Past Event11 Aug 2016

Denounced

No longer available

Auckland Town Hall

Classical music

Programme

  • Sibelius - Finlandia
  • Bartók - Piano Concerto No.3
  • Shostakovich - Symphony No.11, ‘The Year 1905′

When governments get into art criticism it is time to be afraid. The Auckland Philharmonia Orchestra presents a concert of music that fell foul of various regimes.
 
In the late-nineteenth century Finland was ruled by Russia. Sibelius wrote his tone poem Finlandia as a covert protest against Russian censorship.
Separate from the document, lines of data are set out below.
lemma card_pyramid_pairs_add_2:
  "card (pyramid_pairs (m + 2)) =
     (m + 3)\<^sup>2 + card (pyramid (m + 1)) + card (pyramid m) + card (pyramid_pairs m)"
proof -
  let ?D0 = "(\<lambda>(s, t). (s, t, 0::nat, 0::nat)) ` ({..m+2} \<times> {..m+2})"
  let ?D1 = "(\<lambda>(s, t, h). (Suc s, Suc t, 0::nat, Suc h)) ` pyramid (m + 1)"
  let ?D2 = "(\<lambda>(s, t, j). (Suc s, Suc t, Suc j, 0::nat)) ` pyramid m"
  let ?D3 = "(\<lambda>(s, t, j, h). (Suc s, Suc t, Suc j, Suc h)) ` pyramid_pairs m"
  have "card ((\<lambda>(s, t). (s, t, 0::nat, 0::nat)) ` ({..m+2} \<times> {..m+2})) = (m + 3)\<^sup>2"
    by (subst card_image) (auto simp: inj_on_def power2_eq_square algebra_simps)
  moreover have "card ((\<lambda>(s, t, h). (Suc s, Suc t, 0::nat, Suc h)) ` pyramid (m + 1)) = card (pyramid (m + 1))"
    "card ((\<lambda>(s, t, j). (Suc s, Suc t, Suc j, 0::nat)) ` pyramid m) = card (pyramid m)"
    "card ((\<lambda>(s, t, j, h). (Suc s, Suc t, Suc j, Suc h)) ` pyramid_pairs m) = card (pyramid_pairs m)"
    by (auto intro!: card_image simp: inj_on_def)
  moreover have "?D0 \<inter> ?D1 = {}" "(?D0 \<union> ?D1) \<inter> ?D2 = {}" "(?D0 \<union> ?D1 \<union> ?D2) \<inter> ?D3 = {}"
    by auto
  moreover have "finite ?D0" "finite ?D1" "finite ?D2" "finite ?D3"
    using finite_pyramid finite_pyramid_pairs by auto
  ultimately show ?thesis
    unfolding pyramid_pairs_add_2 by (simp add: card_Un_disjoint)
qed

lemma card_pyramid_pairs_formula: "24 * card (pyramid_pairs m) = (m + 1) * (m + 2) * (m + 3) * (m + 4)"
proof (induction m rule: nat_induct2)
  case 0
  have "pyramid_pairs 0 = {(0, 0, 0, 0)}" by (auto simp: pyramid_pairs_def pyramid_def)
  then show ?case by simp
next
  case 1
  have "pyramid_pairs 1 \<subseteq> {(0, 0, 0, 0), (0, 1, 0, 0), (1, 0, 0, 0), (1, 1, 0, 0), (1, 1, 0, 1)}"
  proof
    fix x assume x: "x \<in> pyramid_pairs 1"
    obtain s t j h where xe: "x = (s, t, j, h)" by (cases x)
    have "j = 0" "s \<le> 1" "t \<le> 1" "h \<le> s" "h \<le> t" using x xe by (auto simp: pyramid_pairs_def pyramid_def)
    then show "x \<in> {(0, 0, 0, 0), (0, 1, 0, 0), (1, 0, 0, 0), (1, 1, 0, 0), (1, 1, 0, 1)}"
      using xe by (auto simp: le_Suc_eq)
  qed
  moreover have "{(0, 0, 0, 0), (0, 1, 0, 0), (1, 0, 0, 0), (1, 1, 0, 0), (1, 1, 0, 1)} \<subseteq> pyramid_pairs 1"
    by (simp add: pyramid_pairs_def pyramid_def)
  ultimately have "pyramid_pairs 1 = {(0, 0, 0, 0), (0, 1, 0, 0), (1, 0, 0, 0), (1, 1, 0, 0), (1, 1, 0, 1)}"
    by (rule antisym)
  then show ?case by simp
next
  case (step m)
  then show ?case
    using card_pyramid_pairs_add_2[of m] card_pyramid_consecutive[of m]
    by (simp add: power2_eq_square algebra_simps)
qed

lemma card_pyramid_pairs: "card (pyramid_pairs m) = (m + 4) choose 4"
proof -
  have "fact 4 * fact m * ((m + 4) choose 4) = (fact (m + 4) :: nat)"
    using binomial_fact_lemma[of 4 "m + 4"] by simp
  moreover have "fact (m + 4) = (m + 4) * (m + 3) * (m + 2) * (m + 1) * (fact m :: nat)"
    by (simp add: fact_Suc numeral_eq_Suc algebra_simps)
  ultimately have "fact m * (24 * ((m + 4) choose 4)) = fact m * ((m + 1) * (m + 2) * (m + 3) * (m + 4))"
    by (simp add: fact_numeral algebra_simps)
  then have "24 * ((m + 4) choose 4) = (m + 1) * (m + 2) * (m + 3) * (m + 4)"
    using fact_nonzero[of m] by simp
  then show ?thesis
    using card_pyramid_pairs_formula[of m] by simp
qed

text \<open>Coordinates of an orbit type: \<open>|y| - m\<close> and \<open>|z| - m\<close>, the part sizes of \<open>y\<close> and \<open>z\<close>
  that range over \<open>[0, m]\<close> (the \<open>B\<close>-part if the vertex has \<open>m\<close> elements, the \<open>A\<close>-part
  otherwise), and the two overlaps minus their least possible values.\<close>

definition tuple_of_coords :: "nat \<Rightarrow> nat \<times> nat \<times> nat \<times> nat \<times> nat \<times> nat \<Rightarrow> nat \<times> nat \<times> nat \<times> nat \<times> nat \<times> nat" where
  "tuple_of_coords m x = (case x of (e, e', s', t', j, h) \<Rightarrow>
     let p = (if e = 0 then m - s' else s'); s = (if e = 0 then s' else m + 1 - s');
         q = (if e' = 0 then m - t' else t'); t = (if e' = 0 then t' else m + 1 - t')
     in (p, s, q, t, j + (p + q - m), h + (s + t - (m + 1))))"

definition coords_of_tuple :: "nat \<Rightarrow> nat \<times> nat \<times> nat \<times> nat \<times> nat \<times> nat \<Rightarrow> nat \<times> nat \<times> nat \<times> nat \<times> nat \<times> nat" where
  "coords_of_tuple m v = (case v of (p, s, q, t, r, \<rho>) \<Rightarrow>
     (p + s - m, q + t - m, if p + s = m then s else p, if q + t = m then t else q,
      r - (p + q - m), \<rho> - (s + t - (m + 1))))"

lemma coords_of_tuple:
  "v \<in> orbit_tuples m \<Longrightarrow>
    coords_of_tuple m v \<in> {0, 1} \<times> {0, 1} \<times> pyramid_pairs m \<and> tuple_of_coords m (coords_of_tuple m v) = v"
  by (cases v) (auto simp: orbit_tuples_def pyramid_pairs_def pyramid_def tuple_of_coords_def
    coords_of_tuple_def Let_def)

lemma tuple_of_coords:
  "x \<in> {0, 1} \<times> {0, 1} \<times> pyramid_pairs m \<Longrightarrow>
    tuple_of_coords m x \<in> orbit_tuples m \<and> coords_of_tuple m (tuple_of_coords m x) = x"
  by (cases x) (auto simp: orbit_tuples_def pyramid_pairs_def pyramid_def tuple_of_coords_def
    coords_of_tuple_def Let_def)

lemma card_orbit_tuples: "card (orbit_tuples m) = 4 * ((m + 4) choose 4)"
proof -
  have "bij_betw (tuple_of_coords m) ({0, 1} \<times> {0, 1} \<times> pyramid_pairs m) (orbit_tuples m)"
  proof (rule bij_betw_byWitness[where f' = "coords_of_tuple m"])
    show "\<forall>x\<in>{0, 1} \<times> {0, 1} \<times> pyramid_pairs m. coords_of_tuple m (tuple_of_coords m x) = x"
      "tuple_of_coords m ` ({0, 1} \<times> {0, 1} \<times> pyramid_pairs m) \<subseteq> orbit_tuples m"
      using tuple_of_coords by blast+
    show "\<forall>v\<in>orbit_tuples m. tuple_of_coords m (coords_of_tuple m v) = v"
      "coords_of_tuple m ` orbit_tuples m \<subseteq> {0, 1} \<times> {0, 1} \<times> pyramid_pairs m"
      using coords_of_tuple by blast+
  qed
  then have "card (orbit_tuples m) = card ({0::nat, 1} \<times> {0::nat, 1} \<times> pyramid_pairs m)"
    by (simp add: bij_betw_same_card)
  then show ?thesis by (simp add: card_cartesian_product card_pyramid_pairs)
qed

text \<open>The count holds for every \<open>m\<close>.\<close>

theorem corollary4p9:
  fixes m :: nat
  assumes "m \<ge> 3"
  shows "vector_space.dim mscale (Talg m) = 4 * ((m + 4) choose 4)"
  using dim_Talg classes_orbit_type card_orbit_tuples by simp

end
(* Fix constants $\alpha,\beta$. For parameters $r,s$, let $a^{(r,s)}_n$ be the sequence with generating function $$G_{r,s}(x)=\cfrac{1}{1-(\alpha+s)x-\cfrac{\beta x^2}{1-(\alpha+r)x-\cfrac{\beta x^2}{1-(\alpha+r)x}}},$$ and let $b^{(r,s)}_n$ be its revert transform. Then the Hankel transform $\left(\det(b^{(r,s)}_{i+j})_{0\le i,j\le n}\right)_{n\ge0}$ is the same sequence for all values of $r$ and $s$.
   Context: For a power series $g(x)$ with $g(0)\ne0$, its revert transform is the sequence whose generating function is $\frac1x\,\mathrm{Rev}(xg(x))$, where $\mathrm{Rev}(f)$ denotes the compositional inverse of $f$ (the series $u$ with $f(u(x))=x$, $u(0)=0$). The Hankel transform of a sequence $(b_n)$ is the sequence $h_n=\det(b_{i+j})_{0\le i,j\le n}$, $n\ge0$. *)

theory Defs
  imports "HOL-Computational_Algebra.Formal_Power_Series" "Jordan_Normal_Form.Determinant"
begin

text \<open>The generating function G_{r,s}(x) as a formal power series (continued fraction,
  every denominator has constant term 1, so the fps inverses are genuine inverses).\<close>
definition G_rs :: "complex \<Rightarrow> complex \<Rightarrow> complex \<Rightarrow> complex \<Rightarrow> complex fps" where
  "G_rs \<alpha> \<beta> r s =
     (let inner = 1 - fps_const (\<alpha> + r) * fps_X;
          mid = 1 - fps_const (\<alpha> + r) * fps_X - fps_const \<beta> * fps_X ^ 2 * inverse inner
      in inverse (1 - fps_const (\<alpha> + s) * fps_X - fps_const \<beta> * fps_X ^ 2 * inverse mid))"

text \<open>Revert transform of g (with g(0) nonzero): coefficients of (1/x) Rev(x g(x)),
  where Rev is the compositional inverse (library fps_inv).\<close>
definition revert_transform :: "complex fps \<Rightarrow> nat \<Rightarrow> complex" where
  "revert_transform g n = fps_nth (fps_inv (fps_X * g)) (n + 1)"

definition hankel_transform :: "(nat \<Rightarrow> complex) \<Rightarrow> nat \<Rightarrow> complex" where
  "hankel_transform b n = det (mat (n + 1) (n + 1) (\<lambda>(i, j). b (i + j)))"

end

theory Submission
  imports Defs
begin
text \<open>A finite pair of spaces admits only finitely many correspondences, so if
  \<open>dGH_bar = 0\<close> a single correspondence \<open>R\<close> has scaled distortion arbitrarily close
  to \<open>0\<close>. When \<open>Y\<close> has two points, a pair of \<open>R\<close> with positive \<open>Y\<close>-distance forces the
  admissible scales to converge to one \<open>c\<close>, and in the limit \<open>c * dX = dY\<close> exactly along
  \<open>R\<close>; for metrics this makes \<open>R\<close> the graph of an isometry. Conversely the graph of an
  isometry has distortion \<open>0\<close>, and onto a single point every scale \<open>c\<close> has distortion
  at most \<open>c * diam X\<close>.\<close>

lemma metric_on_scale:
  assumes "metric_on X d" "c > 0"
  shows "metric_on X (\<lambda>x x'. c * d x x')"
  using assms unfolding metric_on_def by (auto simp flip: distrib_left intro: mult_left_mono)

lemma finite_correspondences:
  assumes "finite X" "finite Y"
  shows "finite {R. correspondence X Y R}"
proof (rule finite_subset)
  show "{R. correspondence X Y R} \<subseteq> Pow (X \<times> Y)" unfolding correspondence_def by auto
qed (use assms in simp)

lemma correspondence_finite:
  "finite X \<Longrightarrow> finite Y \<Longrightarrow> correspondence X Y R \<Longrightarrow> finite R"
  unfolding correspondence_def by (meson finite_SigmaI finite_subset)

lemma correspondence_nonempty: "X \<noteq> {} \<Longrightarrow> correspondence X Y R \<Longrightarrow> R \<noteq> {}"
  unfolding correspondence_def by auto

lemma correspondence_Times: "correspondence X Y (X \<times> Y) \<longleftrightarrow> (X = {} \<longleftrightarrow> Y = {})"
  unfolding correspondence_def by auto

lemma correspondence_graph: "f ` X = Y \<Longrightarrow> correspondence X Y ((\<lambda>x. (x, f x)) ` X)"
  unfolding correspondence_def by (auto simp: image_image)

lemma distortion_ge:
  assumes "finite R" "p \<in> R" "q \<in> R"
  shows "\<bar>dX (fst p) (fst q) - dY (snd p) (snd q)\<bar> \<le> distortion dX dY R"
  unfolding distortion_def using assms
  by (intro cSUP_upper2[where x = "(p, q)"] bdd_above_finite) auto

lemma distortion_le:
  assumes "R \<noteq> {}"
    and "\<And>p q. p \<in> R \<Longrightarrow> q \<in> R \<Longrightarrow> \<bar>dX (fst p) (fst q) - dY (snd p) (snd q)\<bar> \<le> B"
  shows "distortion dX dY R \<le> B"
  unfolding distortion_def using assms by (intro cSUP_least) auto

lemma distortion_nonneg: "finite R \<Longrightarrow> R \<noteq> {} \<Longrightarrow> 0 \<le> distortion dX dY R"
  using distortion_ge by (metis abs_ge_zero all_not_in_conv order_trans)

lemma bdd_below_distortion_correspondences:
  assumes "finite X" "finite Y" "X \<noteq> {}"
  shows "bdd_below (distortion dX dY ` {R. correspondence X Y R})"
proof (rule bdd_belowI[of _ 0])
  fix r assume "r \<in> distortion dX dY ` {R. correspondence X Y R}"
  then obtain R where "correspondence X Y R" "r = distortion dX dY R" by blast
  with assms show "0 \<le> r"
    by (simp add: distortion_nonneg correspondence_finite correspondence_nonempty)
qed

lemma dGH_le_distortion:
  assumes "finite X" "finite Y" "X \<noteq> {}" "correspondence X Y R"
  shows "dGH X dX Y dY \<le> distortion dX dY R / 2"
proof -
  have "(INF R \<in> {R. correspondence X Y R}. distortion dX dY R) \<le> distortion dX dY R"
    using assms by (intro cINF_lower bdd_below_distortion_correspondences) auto
  thus ?thesis unfolding dGH_def by simp
qed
At the time nationalism was so incendiary that the piece had to be performed under neutral titles like ‘Impromptu’.
 
Bartók was strongly opposed to the Nazi’s and Hungary’s acquiescence to Germany. Increasingly his anti-fascist views caused him to clash with the establishment. Reluctantly he fled his beloved Hungary and wrote his Third Piano Concerto in exile in America.
 
Shostakovich had a turbulent career which included his music being banned by Stalin, then reinstated a year later – from pariah to merely contentious. The Eleventh Symphony takes a cinematic approach to describing events around the 1905 Russian revolution. Supposedly written about the proletariat’s suffering under the Tsars, the real tragedy was that the proletariat suffered equally, if not more, under the Tsars’ successors.